### Required action
Check every line of the entries for the string "forall" and return the ones that contain it.
++++ Exercise inputs ++++
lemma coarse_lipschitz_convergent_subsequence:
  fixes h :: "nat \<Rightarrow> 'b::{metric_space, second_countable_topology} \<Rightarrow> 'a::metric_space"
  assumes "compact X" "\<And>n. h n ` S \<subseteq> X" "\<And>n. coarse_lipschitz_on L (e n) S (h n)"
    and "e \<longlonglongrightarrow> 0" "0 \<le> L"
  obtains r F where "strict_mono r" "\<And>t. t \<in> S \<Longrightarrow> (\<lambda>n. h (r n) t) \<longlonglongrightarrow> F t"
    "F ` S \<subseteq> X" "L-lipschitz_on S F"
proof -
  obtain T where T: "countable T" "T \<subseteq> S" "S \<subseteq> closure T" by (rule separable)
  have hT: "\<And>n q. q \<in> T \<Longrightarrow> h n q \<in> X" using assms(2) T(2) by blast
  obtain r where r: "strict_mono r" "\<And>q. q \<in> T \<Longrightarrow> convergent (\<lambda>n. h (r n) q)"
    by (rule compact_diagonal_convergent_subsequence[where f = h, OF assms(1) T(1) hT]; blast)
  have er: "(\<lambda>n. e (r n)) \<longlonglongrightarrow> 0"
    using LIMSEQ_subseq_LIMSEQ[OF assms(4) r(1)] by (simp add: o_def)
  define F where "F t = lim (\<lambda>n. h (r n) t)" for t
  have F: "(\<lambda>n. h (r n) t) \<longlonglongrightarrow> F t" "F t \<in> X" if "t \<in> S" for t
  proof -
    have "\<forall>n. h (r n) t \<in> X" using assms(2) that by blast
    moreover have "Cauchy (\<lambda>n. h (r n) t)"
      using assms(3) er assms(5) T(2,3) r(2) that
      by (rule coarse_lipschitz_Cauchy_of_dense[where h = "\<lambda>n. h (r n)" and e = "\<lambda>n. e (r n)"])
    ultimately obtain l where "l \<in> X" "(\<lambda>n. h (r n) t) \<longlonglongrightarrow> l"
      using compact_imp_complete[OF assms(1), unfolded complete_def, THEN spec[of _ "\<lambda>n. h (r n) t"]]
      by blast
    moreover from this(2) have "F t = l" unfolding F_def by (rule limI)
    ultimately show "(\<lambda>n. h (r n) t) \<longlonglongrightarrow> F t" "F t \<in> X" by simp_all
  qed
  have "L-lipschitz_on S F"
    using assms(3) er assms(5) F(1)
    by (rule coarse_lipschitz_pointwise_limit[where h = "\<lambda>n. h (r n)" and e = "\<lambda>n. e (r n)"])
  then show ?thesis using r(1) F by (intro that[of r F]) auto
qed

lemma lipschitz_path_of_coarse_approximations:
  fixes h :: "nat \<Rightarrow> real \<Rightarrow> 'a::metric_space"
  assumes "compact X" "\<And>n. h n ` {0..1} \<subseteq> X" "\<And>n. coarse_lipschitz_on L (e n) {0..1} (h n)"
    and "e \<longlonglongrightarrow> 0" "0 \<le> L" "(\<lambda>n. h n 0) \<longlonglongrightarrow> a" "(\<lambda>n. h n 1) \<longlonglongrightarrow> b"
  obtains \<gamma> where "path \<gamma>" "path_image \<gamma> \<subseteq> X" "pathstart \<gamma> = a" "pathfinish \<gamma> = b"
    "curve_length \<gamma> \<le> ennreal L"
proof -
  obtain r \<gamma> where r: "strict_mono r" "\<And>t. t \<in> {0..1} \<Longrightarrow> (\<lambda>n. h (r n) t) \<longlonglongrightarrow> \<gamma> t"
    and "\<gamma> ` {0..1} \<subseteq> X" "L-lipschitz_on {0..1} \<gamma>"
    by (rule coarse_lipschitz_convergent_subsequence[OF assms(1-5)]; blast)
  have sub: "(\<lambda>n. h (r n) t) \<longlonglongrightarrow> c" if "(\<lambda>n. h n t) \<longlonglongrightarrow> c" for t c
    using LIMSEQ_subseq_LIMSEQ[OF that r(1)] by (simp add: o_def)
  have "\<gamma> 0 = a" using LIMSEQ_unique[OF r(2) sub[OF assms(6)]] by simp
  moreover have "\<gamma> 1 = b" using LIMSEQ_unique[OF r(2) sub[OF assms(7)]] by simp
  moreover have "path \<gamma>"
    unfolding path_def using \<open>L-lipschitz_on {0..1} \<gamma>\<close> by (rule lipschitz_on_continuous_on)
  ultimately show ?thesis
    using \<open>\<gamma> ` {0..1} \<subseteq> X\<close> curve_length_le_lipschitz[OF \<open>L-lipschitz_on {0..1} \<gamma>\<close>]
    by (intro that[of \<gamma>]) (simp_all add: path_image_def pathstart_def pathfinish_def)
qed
++++
++++ Exercise inputs ++++
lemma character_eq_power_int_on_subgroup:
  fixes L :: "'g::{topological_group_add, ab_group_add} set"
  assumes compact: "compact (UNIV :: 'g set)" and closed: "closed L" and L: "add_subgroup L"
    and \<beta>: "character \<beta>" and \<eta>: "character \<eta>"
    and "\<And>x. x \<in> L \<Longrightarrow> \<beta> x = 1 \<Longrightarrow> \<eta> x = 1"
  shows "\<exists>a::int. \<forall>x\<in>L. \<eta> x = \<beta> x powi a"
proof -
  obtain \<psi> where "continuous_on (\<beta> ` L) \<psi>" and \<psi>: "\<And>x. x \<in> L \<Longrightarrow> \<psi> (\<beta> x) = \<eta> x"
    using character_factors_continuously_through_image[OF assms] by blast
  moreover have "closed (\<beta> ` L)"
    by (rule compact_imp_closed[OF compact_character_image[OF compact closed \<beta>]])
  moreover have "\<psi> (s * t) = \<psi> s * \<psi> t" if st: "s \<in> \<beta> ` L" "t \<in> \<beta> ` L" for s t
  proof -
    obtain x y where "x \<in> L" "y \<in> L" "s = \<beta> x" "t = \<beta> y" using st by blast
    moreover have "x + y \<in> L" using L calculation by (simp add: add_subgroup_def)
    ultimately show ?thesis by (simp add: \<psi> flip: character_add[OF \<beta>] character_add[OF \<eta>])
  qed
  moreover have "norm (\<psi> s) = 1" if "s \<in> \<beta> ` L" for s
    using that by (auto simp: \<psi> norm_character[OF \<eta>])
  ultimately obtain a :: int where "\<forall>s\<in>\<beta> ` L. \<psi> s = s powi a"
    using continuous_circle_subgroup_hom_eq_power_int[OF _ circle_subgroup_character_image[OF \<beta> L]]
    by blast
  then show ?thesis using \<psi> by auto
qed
++++
++++ Exercise inputs ++++
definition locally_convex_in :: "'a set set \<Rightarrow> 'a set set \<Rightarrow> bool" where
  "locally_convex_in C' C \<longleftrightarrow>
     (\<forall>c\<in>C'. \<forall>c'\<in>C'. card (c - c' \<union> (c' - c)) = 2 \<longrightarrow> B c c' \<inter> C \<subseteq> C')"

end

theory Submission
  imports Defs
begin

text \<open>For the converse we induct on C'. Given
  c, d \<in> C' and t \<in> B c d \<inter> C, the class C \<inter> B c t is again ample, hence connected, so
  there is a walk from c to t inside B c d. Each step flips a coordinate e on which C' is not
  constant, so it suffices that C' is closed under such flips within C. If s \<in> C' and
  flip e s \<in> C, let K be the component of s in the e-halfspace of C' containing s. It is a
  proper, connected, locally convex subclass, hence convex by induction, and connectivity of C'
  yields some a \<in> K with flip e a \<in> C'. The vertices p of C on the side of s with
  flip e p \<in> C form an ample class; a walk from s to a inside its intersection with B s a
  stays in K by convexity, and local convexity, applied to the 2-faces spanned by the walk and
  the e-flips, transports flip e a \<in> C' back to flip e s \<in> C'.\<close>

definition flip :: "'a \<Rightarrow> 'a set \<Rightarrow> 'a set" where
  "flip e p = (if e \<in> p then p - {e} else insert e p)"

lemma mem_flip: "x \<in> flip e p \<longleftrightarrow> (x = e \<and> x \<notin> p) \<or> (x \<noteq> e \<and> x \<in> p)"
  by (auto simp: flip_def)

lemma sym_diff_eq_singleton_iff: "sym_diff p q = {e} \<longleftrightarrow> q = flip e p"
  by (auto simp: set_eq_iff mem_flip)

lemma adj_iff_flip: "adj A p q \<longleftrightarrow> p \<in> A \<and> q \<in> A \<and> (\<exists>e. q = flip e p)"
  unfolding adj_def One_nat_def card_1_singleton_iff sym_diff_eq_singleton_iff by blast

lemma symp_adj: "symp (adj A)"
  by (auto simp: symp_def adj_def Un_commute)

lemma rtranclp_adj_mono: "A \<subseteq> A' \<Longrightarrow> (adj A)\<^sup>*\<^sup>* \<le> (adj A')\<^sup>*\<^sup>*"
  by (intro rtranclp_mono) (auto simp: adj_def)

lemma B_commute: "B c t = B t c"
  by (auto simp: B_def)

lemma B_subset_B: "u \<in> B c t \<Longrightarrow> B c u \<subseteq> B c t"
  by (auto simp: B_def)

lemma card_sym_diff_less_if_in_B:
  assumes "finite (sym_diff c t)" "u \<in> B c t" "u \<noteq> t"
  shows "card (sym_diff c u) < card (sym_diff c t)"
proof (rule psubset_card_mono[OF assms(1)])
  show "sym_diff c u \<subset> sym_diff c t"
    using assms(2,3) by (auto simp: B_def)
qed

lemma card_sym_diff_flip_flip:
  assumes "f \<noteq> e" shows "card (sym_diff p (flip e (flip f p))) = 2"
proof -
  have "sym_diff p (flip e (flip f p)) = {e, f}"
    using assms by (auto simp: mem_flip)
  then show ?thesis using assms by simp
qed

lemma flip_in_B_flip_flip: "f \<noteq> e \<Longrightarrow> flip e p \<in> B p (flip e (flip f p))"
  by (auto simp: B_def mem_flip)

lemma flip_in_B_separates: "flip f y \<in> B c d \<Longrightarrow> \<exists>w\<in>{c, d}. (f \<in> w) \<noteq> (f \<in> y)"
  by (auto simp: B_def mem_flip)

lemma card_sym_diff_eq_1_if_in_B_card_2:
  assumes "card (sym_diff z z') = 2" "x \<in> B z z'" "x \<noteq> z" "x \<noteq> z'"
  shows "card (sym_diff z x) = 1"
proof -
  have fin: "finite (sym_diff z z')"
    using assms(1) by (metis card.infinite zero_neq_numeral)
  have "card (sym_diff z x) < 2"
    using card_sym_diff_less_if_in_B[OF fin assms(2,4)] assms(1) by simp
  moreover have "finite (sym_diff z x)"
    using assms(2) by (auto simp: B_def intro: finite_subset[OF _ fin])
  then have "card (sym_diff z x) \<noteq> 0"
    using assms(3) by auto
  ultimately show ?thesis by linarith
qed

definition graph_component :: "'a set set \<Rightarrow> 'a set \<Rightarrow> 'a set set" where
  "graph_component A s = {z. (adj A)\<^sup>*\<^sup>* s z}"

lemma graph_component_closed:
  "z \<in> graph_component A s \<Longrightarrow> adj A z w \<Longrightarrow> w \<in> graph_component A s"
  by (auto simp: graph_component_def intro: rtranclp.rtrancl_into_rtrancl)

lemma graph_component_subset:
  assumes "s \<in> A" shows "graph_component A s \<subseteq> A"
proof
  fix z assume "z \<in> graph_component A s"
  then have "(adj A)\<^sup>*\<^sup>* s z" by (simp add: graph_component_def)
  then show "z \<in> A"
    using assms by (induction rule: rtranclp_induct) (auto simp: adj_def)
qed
++++
### Result of this task
    have "\<forall>n. h (r n) t \<in> X" using assms(2) that by blast
  shows "\<exists>a::int. \<forall>x\<in>L. \<eta> x = \<beta> x powi a"
  ultimately obtain a :: int where "\<forall>s\<in>\<beta> ` L. \<psi> s = s powi a"
     (\<forall>c\<in>C'. \<forall>c'\<in>C'. card (c - c' \<union> (c' - c)) = 2 \<longrightarrow> B c c' \<inter> C \<subseteq> C')"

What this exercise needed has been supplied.